== DATA FOR THE TASK
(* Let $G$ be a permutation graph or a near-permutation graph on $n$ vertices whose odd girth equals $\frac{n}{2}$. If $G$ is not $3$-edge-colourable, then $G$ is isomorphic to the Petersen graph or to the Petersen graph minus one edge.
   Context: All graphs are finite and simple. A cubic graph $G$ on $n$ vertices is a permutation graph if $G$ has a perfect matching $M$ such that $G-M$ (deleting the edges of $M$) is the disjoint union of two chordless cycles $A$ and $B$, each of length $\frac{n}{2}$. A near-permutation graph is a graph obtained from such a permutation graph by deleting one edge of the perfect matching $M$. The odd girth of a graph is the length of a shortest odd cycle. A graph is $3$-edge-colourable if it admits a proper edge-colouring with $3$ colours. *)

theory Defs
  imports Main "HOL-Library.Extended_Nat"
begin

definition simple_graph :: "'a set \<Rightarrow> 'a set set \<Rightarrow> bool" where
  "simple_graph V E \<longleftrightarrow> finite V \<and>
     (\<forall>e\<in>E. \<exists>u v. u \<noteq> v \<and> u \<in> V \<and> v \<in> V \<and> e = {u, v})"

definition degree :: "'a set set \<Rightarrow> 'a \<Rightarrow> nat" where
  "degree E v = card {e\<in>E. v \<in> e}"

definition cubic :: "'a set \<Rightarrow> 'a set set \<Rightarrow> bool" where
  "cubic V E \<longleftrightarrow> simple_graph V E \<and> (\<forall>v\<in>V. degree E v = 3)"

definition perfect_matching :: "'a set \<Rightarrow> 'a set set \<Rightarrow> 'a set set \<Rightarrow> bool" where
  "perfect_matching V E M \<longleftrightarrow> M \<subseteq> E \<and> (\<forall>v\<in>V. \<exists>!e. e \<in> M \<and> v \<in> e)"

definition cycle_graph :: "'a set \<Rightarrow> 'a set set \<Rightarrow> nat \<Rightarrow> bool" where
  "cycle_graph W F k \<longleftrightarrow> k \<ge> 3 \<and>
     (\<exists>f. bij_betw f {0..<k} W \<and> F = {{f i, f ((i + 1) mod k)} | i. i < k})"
====
== DATA FOR THE TASK
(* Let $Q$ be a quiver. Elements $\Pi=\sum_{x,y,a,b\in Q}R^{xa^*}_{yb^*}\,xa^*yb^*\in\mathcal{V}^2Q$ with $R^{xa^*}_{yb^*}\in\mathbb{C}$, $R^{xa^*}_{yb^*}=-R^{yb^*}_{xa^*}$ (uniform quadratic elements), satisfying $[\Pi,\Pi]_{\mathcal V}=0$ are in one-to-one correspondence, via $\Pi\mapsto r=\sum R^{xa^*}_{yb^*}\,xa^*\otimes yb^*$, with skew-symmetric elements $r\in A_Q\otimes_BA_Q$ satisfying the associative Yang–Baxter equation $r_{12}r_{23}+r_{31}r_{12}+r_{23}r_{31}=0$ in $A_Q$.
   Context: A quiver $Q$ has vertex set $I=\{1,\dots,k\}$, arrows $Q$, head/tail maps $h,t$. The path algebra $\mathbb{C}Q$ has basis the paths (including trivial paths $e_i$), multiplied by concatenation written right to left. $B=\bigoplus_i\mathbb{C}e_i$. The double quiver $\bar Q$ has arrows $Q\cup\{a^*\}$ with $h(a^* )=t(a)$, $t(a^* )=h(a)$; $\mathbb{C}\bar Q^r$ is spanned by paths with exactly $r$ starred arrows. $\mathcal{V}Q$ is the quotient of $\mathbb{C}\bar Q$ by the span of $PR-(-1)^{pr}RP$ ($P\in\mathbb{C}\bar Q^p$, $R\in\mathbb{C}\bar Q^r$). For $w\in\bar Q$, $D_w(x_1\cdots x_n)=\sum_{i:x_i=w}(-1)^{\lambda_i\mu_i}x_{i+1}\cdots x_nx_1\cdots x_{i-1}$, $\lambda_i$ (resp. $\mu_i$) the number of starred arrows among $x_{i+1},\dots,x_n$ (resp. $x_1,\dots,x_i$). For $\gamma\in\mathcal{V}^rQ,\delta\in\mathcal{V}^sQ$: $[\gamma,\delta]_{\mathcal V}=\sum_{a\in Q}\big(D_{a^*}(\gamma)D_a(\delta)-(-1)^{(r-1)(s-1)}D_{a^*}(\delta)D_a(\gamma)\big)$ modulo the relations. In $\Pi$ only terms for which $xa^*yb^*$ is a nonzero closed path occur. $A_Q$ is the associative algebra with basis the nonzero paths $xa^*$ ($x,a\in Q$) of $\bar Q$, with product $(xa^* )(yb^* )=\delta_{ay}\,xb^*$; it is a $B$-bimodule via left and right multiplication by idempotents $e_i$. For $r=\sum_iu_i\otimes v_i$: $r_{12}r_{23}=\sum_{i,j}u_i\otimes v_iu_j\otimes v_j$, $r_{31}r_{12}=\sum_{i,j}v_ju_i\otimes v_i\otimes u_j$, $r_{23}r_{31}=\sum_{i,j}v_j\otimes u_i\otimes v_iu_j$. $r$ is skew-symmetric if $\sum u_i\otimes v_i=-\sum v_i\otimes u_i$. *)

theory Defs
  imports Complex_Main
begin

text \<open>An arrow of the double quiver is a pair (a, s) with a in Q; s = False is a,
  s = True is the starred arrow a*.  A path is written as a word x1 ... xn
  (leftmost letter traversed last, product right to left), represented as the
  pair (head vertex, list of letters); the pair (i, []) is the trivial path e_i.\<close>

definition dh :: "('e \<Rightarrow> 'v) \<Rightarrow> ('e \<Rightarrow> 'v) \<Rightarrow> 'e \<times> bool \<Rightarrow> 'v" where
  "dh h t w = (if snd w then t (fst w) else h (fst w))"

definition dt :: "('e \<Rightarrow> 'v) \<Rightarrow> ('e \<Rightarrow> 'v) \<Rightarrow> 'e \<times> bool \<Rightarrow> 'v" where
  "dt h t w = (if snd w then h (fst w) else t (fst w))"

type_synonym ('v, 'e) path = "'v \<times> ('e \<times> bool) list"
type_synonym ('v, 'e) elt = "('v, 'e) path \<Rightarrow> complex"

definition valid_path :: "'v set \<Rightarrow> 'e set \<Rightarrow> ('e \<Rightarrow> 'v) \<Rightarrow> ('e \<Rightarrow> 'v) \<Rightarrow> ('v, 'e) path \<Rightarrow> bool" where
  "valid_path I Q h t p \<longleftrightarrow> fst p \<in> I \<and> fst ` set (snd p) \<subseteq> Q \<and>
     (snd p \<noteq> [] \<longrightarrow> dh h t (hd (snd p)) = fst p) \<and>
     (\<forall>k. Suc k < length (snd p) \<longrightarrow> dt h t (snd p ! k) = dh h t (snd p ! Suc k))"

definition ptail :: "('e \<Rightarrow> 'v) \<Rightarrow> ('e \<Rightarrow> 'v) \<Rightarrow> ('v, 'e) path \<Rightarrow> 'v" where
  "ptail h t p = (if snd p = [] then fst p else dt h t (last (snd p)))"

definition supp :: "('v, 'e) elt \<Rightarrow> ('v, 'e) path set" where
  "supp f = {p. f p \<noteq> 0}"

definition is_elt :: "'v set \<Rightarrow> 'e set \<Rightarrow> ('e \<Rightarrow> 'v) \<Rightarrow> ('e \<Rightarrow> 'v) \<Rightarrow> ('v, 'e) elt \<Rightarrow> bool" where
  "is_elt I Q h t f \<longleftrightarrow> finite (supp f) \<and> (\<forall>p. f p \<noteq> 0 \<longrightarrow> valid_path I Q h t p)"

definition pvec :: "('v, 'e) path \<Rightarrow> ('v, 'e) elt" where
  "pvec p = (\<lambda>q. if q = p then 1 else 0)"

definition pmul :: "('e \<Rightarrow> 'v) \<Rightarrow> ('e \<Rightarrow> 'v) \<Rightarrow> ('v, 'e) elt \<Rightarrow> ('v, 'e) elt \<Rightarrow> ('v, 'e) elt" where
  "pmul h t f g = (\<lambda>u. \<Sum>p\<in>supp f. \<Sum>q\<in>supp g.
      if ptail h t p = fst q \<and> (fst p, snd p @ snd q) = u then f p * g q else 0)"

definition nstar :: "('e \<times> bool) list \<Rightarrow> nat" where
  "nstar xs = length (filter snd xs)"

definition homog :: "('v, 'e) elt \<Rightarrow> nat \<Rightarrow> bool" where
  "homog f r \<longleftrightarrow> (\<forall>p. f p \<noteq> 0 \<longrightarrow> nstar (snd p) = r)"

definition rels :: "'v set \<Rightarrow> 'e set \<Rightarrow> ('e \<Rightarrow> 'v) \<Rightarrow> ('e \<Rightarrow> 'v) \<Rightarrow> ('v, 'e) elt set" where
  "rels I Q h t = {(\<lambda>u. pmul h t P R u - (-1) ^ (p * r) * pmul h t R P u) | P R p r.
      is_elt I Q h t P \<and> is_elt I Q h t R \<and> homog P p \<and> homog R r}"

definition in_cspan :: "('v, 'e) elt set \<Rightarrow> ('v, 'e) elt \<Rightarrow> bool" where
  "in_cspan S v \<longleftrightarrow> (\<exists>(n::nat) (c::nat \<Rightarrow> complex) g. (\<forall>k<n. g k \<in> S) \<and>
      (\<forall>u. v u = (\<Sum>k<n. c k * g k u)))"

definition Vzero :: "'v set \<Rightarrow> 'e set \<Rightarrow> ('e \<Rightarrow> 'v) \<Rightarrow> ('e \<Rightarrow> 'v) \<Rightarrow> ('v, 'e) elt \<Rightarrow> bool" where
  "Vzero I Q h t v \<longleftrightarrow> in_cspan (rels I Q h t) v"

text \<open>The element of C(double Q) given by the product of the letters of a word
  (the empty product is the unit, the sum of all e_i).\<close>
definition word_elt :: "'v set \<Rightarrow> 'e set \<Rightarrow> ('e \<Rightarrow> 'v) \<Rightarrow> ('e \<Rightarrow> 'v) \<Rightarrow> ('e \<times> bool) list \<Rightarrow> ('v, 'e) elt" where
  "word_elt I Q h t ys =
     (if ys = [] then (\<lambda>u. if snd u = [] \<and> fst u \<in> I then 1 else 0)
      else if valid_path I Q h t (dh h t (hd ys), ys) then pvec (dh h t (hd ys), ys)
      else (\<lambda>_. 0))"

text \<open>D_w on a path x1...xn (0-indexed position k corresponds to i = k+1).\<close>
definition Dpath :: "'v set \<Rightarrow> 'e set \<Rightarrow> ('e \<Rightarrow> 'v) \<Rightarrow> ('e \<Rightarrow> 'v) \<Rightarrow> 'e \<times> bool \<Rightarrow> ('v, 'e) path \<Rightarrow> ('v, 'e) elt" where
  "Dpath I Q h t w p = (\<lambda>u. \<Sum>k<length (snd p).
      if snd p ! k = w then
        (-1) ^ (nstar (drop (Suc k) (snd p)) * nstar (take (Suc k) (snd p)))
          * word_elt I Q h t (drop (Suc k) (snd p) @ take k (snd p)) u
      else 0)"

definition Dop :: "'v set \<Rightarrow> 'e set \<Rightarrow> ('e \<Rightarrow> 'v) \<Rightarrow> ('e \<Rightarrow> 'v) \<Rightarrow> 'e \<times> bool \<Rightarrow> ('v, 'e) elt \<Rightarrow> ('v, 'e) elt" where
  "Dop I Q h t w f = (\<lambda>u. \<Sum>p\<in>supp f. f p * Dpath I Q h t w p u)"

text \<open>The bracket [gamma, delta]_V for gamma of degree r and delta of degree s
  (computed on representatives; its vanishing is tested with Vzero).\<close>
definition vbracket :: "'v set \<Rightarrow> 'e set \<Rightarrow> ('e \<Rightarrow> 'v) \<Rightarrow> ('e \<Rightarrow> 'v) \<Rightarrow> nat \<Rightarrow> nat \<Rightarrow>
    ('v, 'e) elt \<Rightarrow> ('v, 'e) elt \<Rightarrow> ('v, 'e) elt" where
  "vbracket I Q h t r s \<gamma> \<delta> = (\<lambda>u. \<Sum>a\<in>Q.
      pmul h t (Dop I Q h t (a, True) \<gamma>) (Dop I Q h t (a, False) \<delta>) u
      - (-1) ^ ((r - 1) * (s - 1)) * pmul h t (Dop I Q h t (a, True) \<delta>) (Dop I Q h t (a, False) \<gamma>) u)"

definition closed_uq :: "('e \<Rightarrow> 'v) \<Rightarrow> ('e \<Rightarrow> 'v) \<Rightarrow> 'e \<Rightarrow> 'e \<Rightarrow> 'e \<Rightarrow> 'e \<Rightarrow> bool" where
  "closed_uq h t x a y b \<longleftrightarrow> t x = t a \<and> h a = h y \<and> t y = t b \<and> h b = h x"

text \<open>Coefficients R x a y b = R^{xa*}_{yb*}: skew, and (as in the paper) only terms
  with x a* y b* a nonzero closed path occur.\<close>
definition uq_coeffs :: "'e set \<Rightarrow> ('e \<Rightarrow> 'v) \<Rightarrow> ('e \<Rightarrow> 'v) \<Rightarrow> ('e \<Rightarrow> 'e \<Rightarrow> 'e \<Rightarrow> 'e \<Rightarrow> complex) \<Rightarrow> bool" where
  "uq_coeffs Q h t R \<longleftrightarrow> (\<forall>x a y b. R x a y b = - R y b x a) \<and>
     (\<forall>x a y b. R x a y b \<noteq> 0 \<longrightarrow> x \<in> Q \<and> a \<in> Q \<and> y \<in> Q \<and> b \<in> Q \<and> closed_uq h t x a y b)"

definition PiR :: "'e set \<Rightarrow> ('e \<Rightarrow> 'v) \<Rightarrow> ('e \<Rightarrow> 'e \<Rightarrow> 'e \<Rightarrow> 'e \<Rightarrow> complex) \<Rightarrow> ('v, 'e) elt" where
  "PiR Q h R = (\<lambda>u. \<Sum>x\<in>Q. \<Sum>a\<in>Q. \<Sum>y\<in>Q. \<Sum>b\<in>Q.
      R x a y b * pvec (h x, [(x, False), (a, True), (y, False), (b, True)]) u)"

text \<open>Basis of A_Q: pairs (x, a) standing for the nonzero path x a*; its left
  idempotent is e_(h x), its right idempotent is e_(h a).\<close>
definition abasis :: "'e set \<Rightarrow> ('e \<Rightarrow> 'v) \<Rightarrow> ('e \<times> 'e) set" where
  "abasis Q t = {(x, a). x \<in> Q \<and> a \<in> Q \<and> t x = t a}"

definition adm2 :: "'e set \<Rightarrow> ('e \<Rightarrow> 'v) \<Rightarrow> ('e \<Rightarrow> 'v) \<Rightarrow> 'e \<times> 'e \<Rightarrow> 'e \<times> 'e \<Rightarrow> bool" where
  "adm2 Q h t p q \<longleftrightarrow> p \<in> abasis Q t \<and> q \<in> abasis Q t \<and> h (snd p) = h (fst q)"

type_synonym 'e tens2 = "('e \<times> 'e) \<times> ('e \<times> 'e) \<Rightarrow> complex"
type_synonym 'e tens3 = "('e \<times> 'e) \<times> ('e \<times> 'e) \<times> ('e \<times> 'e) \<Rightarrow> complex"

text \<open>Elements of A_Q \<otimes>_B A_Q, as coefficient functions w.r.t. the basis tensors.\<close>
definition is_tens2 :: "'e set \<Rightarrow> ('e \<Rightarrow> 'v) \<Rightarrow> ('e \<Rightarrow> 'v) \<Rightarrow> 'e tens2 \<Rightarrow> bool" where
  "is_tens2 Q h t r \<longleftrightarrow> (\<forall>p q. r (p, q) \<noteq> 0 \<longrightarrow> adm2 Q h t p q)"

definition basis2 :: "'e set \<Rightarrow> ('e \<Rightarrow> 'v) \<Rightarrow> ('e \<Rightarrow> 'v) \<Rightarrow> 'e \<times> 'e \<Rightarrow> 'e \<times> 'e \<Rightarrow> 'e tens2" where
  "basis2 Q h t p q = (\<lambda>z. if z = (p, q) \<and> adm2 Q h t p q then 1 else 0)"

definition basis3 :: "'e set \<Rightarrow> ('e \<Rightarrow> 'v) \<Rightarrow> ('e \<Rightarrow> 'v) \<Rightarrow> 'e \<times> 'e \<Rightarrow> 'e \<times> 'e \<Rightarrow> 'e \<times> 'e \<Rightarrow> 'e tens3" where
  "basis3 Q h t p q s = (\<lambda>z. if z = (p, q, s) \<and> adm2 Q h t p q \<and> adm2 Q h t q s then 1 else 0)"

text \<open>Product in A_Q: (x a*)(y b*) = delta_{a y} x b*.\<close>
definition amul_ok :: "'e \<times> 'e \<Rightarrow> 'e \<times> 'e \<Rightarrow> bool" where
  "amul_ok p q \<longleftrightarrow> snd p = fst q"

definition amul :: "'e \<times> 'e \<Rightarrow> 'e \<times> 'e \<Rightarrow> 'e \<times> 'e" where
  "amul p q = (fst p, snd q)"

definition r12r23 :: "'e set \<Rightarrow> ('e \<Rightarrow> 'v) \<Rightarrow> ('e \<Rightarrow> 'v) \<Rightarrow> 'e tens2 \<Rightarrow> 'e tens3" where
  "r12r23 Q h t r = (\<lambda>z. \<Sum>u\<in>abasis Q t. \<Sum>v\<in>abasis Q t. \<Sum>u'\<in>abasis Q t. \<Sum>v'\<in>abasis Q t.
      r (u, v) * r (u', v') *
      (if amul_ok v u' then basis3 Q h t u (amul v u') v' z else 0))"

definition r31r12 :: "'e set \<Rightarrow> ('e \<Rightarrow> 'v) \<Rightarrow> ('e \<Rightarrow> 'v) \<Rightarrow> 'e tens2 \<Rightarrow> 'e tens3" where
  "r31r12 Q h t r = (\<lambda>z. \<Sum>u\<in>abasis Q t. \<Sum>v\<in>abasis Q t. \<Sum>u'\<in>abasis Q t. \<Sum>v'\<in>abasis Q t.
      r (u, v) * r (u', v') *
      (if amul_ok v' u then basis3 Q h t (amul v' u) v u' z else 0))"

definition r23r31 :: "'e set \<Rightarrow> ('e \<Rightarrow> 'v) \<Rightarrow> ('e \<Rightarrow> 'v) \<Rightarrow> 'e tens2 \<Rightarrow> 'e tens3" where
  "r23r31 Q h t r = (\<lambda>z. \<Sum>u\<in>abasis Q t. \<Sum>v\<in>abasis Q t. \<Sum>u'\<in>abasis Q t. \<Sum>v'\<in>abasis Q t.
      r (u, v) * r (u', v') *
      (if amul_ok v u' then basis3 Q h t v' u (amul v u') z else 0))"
====
== DATA FOR THE TASK
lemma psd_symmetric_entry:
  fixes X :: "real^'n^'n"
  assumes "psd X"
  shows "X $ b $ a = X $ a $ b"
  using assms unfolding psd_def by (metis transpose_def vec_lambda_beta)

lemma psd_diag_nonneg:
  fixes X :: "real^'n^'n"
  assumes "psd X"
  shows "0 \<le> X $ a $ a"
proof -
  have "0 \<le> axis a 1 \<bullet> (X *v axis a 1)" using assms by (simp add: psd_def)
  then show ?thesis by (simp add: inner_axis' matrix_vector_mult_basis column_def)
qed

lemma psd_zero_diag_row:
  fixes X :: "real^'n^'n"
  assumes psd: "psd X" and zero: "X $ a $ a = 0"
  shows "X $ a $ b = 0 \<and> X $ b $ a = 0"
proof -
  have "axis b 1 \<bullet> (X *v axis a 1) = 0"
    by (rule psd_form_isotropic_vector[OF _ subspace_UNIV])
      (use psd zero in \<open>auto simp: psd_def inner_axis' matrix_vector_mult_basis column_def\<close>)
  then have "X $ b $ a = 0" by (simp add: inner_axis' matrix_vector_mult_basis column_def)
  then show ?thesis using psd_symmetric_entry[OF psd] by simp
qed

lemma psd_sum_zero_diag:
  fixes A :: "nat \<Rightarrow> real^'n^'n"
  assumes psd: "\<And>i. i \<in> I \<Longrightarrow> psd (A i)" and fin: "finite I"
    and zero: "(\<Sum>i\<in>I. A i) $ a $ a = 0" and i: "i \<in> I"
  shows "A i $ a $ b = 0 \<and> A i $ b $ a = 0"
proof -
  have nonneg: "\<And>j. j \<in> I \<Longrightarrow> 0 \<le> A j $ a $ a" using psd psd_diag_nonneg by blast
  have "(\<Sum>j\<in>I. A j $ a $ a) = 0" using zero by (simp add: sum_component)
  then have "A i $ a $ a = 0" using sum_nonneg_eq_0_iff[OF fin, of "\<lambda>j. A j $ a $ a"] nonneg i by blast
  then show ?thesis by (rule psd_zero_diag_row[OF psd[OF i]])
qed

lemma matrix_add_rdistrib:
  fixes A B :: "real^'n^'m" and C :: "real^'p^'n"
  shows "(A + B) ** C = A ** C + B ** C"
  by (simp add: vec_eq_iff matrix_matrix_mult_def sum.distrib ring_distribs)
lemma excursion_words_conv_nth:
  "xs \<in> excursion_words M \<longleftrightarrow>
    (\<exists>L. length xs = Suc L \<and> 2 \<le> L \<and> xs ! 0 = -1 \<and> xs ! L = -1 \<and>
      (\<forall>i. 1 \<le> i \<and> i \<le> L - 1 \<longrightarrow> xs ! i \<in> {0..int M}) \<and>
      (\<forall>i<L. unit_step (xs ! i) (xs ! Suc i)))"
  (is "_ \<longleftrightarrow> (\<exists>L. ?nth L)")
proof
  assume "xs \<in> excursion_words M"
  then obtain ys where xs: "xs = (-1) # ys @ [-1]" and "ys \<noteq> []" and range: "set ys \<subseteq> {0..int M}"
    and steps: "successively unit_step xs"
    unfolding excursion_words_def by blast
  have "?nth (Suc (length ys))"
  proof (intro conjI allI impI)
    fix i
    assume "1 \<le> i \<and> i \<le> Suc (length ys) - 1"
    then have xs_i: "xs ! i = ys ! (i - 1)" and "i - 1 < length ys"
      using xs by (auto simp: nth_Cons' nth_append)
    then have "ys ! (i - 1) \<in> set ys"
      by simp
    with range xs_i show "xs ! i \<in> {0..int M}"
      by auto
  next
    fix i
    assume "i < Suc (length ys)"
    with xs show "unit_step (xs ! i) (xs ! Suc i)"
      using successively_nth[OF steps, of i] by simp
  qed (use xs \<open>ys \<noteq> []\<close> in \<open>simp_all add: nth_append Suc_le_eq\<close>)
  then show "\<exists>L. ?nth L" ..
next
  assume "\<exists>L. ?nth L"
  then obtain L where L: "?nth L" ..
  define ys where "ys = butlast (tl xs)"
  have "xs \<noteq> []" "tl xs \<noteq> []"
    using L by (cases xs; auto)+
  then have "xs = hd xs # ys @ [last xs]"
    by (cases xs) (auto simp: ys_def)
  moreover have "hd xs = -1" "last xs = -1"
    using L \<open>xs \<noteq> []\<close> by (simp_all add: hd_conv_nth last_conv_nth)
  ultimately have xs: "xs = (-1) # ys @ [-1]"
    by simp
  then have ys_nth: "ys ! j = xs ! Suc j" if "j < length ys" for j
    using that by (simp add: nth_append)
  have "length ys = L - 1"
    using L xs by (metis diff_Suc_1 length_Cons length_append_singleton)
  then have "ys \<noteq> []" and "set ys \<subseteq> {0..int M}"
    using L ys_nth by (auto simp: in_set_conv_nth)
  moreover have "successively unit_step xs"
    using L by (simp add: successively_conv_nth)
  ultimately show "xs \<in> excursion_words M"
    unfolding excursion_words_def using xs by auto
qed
====
**WHAT THE TASK ASKS:**
Please work out how many lines of the records contain "terms" and give only that number.

**REPLY TO THE EXERCISE:**
2